■ **YOUR INSTRUCTIONS**
Among the records that follow, set down only the lines from the one containing "component A^i *)" to the one containing "(\<forall>x\<in>cg_carrier A. cg_add A x", both included, exactly.

■ **DATA UNDER STUDY**
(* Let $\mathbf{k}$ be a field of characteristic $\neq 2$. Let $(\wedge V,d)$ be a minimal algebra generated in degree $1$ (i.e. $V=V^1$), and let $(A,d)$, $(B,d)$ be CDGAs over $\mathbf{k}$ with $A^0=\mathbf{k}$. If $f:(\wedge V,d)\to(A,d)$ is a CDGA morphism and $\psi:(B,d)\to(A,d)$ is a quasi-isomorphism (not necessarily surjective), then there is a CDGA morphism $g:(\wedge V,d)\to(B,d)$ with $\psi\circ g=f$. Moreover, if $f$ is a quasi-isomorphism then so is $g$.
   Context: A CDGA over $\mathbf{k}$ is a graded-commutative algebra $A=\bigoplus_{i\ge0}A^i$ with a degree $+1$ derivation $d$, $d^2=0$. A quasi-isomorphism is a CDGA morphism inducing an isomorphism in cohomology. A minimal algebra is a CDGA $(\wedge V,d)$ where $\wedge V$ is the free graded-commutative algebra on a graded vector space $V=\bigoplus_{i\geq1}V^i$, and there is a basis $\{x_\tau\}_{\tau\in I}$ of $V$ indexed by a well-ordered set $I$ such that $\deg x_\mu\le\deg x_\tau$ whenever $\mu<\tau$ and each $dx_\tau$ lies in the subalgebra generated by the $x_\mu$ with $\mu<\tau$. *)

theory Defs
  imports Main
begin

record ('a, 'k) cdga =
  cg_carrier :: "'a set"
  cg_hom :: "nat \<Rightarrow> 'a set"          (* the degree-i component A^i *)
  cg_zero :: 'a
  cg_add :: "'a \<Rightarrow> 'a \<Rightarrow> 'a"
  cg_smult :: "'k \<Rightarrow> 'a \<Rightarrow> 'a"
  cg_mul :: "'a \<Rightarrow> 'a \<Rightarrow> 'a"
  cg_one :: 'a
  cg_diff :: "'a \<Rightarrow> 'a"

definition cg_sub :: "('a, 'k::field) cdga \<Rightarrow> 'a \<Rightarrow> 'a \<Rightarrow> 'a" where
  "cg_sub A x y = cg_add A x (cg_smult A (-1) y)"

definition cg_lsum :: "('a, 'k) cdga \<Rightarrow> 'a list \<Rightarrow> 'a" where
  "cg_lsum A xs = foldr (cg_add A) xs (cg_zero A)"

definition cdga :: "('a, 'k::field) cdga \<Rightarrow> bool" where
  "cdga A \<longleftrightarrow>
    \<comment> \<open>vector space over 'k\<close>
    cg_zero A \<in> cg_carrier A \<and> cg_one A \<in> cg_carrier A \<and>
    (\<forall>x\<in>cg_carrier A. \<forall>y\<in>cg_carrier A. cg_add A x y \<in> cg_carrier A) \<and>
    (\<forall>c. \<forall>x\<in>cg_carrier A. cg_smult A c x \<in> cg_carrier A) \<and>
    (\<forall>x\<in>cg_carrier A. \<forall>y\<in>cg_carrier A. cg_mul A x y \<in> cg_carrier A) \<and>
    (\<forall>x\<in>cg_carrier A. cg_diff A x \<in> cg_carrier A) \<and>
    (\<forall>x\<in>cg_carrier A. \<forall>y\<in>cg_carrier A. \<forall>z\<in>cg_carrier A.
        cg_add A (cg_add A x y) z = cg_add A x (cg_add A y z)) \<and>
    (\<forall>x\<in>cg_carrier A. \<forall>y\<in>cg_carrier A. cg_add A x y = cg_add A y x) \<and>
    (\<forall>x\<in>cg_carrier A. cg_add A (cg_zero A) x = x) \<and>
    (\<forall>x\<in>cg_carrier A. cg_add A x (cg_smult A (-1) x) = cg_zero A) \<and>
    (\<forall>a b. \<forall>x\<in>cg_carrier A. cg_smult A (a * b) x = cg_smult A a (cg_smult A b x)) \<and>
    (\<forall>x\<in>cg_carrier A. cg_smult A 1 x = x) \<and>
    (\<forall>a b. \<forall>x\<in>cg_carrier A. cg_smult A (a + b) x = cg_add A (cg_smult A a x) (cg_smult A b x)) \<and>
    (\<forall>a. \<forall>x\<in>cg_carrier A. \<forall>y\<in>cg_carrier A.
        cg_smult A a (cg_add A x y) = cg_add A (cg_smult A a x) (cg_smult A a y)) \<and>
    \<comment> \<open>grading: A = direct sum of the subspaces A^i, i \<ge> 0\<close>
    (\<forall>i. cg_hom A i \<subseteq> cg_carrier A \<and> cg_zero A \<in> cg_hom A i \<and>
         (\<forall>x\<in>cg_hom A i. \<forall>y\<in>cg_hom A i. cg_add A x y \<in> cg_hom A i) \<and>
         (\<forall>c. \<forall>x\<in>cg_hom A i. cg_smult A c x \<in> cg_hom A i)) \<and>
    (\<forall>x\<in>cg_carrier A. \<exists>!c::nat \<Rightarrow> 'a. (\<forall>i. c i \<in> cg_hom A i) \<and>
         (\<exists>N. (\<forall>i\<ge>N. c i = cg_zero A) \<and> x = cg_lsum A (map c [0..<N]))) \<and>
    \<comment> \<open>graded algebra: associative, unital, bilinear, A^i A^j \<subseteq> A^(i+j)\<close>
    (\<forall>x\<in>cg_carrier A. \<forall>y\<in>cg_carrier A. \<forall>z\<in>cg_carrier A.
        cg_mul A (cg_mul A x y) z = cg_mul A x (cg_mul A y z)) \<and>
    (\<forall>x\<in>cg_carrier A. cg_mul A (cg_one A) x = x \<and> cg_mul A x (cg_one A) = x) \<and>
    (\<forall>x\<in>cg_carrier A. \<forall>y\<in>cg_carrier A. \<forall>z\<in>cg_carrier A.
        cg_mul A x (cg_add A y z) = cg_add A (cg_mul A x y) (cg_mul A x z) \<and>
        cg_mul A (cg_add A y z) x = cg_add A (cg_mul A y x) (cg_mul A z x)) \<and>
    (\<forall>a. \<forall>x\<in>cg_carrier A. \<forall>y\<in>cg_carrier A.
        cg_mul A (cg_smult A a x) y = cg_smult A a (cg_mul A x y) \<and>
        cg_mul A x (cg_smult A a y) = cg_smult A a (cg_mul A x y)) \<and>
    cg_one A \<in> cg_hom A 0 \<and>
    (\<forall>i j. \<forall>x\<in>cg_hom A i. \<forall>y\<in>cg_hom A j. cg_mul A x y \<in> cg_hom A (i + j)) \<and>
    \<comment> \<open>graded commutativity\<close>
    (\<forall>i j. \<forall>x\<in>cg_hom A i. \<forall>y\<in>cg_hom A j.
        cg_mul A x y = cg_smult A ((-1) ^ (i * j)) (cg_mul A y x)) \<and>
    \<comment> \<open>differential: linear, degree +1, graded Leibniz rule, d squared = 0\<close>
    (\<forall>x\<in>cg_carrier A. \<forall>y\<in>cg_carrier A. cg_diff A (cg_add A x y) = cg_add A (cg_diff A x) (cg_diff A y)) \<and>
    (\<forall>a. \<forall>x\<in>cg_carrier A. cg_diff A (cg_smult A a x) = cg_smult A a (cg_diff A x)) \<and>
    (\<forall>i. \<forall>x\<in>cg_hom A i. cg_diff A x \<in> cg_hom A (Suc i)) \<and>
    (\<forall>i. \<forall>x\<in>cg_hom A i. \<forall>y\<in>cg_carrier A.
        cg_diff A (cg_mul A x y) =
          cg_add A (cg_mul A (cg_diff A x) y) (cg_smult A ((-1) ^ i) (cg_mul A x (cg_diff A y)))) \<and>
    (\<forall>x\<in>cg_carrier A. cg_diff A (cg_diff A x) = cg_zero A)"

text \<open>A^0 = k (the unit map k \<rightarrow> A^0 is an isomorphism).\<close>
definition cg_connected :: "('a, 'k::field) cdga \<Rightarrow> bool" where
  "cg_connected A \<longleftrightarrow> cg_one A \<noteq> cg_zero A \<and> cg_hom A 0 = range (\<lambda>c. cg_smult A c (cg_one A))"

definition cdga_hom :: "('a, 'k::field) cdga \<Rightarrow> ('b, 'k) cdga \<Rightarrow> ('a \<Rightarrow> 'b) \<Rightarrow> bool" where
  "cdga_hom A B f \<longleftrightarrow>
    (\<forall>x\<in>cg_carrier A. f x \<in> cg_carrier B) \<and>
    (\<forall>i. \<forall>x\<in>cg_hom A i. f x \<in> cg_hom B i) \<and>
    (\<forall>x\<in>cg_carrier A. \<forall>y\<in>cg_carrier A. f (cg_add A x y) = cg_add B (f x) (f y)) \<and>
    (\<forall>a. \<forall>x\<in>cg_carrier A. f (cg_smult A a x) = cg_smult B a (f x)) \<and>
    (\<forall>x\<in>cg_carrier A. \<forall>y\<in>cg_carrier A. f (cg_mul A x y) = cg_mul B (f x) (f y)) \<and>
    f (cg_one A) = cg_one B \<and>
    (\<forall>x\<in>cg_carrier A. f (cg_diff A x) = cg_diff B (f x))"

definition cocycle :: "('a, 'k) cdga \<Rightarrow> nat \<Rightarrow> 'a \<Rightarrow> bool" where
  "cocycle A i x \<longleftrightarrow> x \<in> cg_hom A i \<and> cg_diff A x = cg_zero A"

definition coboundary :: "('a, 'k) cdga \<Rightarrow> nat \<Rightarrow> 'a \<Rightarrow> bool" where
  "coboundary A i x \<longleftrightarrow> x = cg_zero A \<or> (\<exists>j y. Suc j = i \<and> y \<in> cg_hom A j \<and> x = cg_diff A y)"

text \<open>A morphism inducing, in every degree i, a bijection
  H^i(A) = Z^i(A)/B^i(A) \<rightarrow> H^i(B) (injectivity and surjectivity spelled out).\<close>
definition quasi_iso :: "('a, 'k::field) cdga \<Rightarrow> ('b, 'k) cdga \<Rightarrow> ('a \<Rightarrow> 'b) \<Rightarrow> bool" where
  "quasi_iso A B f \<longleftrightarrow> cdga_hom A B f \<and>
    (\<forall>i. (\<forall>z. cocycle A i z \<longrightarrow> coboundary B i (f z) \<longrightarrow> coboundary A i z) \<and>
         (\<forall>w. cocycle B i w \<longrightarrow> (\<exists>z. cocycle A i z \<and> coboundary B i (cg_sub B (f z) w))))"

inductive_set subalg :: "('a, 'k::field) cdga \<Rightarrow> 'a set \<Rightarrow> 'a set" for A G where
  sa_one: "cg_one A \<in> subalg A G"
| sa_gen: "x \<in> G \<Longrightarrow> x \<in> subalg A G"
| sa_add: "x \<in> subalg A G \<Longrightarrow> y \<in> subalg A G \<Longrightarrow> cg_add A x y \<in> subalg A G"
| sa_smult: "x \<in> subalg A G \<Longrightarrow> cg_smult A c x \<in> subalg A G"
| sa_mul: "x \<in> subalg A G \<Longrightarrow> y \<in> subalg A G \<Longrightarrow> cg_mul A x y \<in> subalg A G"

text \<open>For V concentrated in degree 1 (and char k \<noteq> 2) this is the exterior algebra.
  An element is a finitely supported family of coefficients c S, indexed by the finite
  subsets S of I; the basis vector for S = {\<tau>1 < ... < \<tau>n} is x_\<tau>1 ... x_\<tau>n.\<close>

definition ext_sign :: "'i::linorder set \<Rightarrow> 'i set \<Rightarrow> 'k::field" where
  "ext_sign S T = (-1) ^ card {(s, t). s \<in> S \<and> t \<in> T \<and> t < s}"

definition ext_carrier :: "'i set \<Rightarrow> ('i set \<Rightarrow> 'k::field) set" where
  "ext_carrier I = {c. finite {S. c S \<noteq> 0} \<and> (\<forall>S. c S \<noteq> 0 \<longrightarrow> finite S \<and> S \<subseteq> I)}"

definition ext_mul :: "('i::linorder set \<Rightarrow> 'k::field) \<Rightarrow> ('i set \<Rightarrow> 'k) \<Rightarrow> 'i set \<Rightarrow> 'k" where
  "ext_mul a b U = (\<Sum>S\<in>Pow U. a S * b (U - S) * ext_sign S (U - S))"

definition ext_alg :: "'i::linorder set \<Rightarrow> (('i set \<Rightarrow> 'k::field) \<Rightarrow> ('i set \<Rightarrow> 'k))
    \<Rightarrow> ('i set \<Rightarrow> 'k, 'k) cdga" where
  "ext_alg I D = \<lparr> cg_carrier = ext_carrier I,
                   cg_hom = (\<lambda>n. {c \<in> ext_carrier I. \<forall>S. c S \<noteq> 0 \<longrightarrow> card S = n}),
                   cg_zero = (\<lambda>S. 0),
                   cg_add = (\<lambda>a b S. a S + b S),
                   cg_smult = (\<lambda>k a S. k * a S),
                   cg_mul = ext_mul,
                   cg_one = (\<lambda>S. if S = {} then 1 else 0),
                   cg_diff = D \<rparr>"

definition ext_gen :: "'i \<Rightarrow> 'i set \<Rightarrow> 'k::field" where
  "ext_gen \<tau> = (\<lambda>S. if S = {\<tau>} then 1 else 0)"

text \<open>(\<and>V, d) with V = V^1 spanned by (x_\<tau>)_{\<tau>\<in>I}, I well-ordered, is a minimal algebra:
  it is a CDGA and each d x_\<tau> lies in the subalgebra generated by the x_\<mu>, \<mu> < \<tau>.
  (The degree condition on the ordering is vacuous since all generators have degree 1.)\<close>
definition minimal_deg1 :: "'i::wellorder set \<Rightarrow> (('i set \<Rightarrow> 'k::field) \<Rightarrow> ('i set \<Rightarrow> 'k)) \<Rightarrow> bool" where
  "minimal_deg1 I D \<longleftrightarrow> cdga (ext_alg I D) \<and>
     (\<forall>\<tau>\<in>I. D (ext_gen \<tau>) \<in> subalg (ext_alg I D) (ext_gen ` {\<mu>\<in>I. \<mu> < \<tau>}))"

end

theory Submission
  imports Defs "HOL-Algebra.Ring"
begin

■ **RESPONSE TO THIS EXERCISE**
  cg_hom :: "nat \<Rightarrow> 'a set"          (* the degree-i component A^i *)
  cg_zero :: 'a
  cg_add :: "'a \<Rightarrow> 'a \<Rightarrow> 'a"
  cg_smult :: "'k \<Rightarrow> 'a \<Rightarrow> 'a"
  cg_mul :: "'a \<Rightarrow> 'a \<Rightarrow> 'a"
  cg_one :: 'a
  cg_diff :: "'a \<Rightarrow> 'a"

definition cg_sub :: "('a, 'k::field) cdga \<Rightarrow> 'a \<Rightarrow> 'a \<Rightarrow> 'a" where
  "cg_sub A x y = cg_add A x (cg_smult A (-1) y)"

definition cg_lsum :: "('a, 'k) cdga \<Rightarrow> 'a list \<Rightarrow> 'a" where
  "cg_lsum A xs = foldr (cg_add A) xs (cg_zero A)"

definition cdga :: "('a, 'k::field) cdga \<Rightarrow> bool" where
  "cdga A \<longleftrightarrow>
    \<comment> \<open>vector space over 'k\<close>
    cg_zero A \<in> cg_carrier A \<and> cg_one A \<in> cg_carrier A \<and>
    (\<forall>x\<in>cg_carrier A. \<forall>y\<in>cg_carrier A. cg_add A x y \<in> cg_carrier A) \<and>
    (\<forall>c. \<forall>x\<in>cg_carrier A. cg_smult A c x \<in> cg_carrier A) \<and>
    (\<forall>x\<in>cg_carrier A. \<forall>y\<in>cg_carrier A. cg_mul A x y \<in> cg_carrier A) \<and>
    (\<forall>x\<in>cg_carrier A. cg_diff A x \<in> cg_carrier A) \<and>
    (\<forall>x\<in>cg_carrier A. \<forall>y\<in>cg_carrier A. \<forall>z\<in>cg_carrier A.
        cg_add A (cg_add A x y) z = cg_add A x (cg_add A y z)) \<and>
    (\<forall>x\<in>cg_carrier A. \<forall>y\<in>cg_carrier A. cg_add A x y = cg_add A y x) \<and>
    (\<forall>x\<in>cg_carrier A. cg_add A (cg_zero A) x = x) \<and>
    (\<forall>x\<in>cg_carrier A. cg_add A x (cg_smult A (-1) x) = cg_zero A) \<and>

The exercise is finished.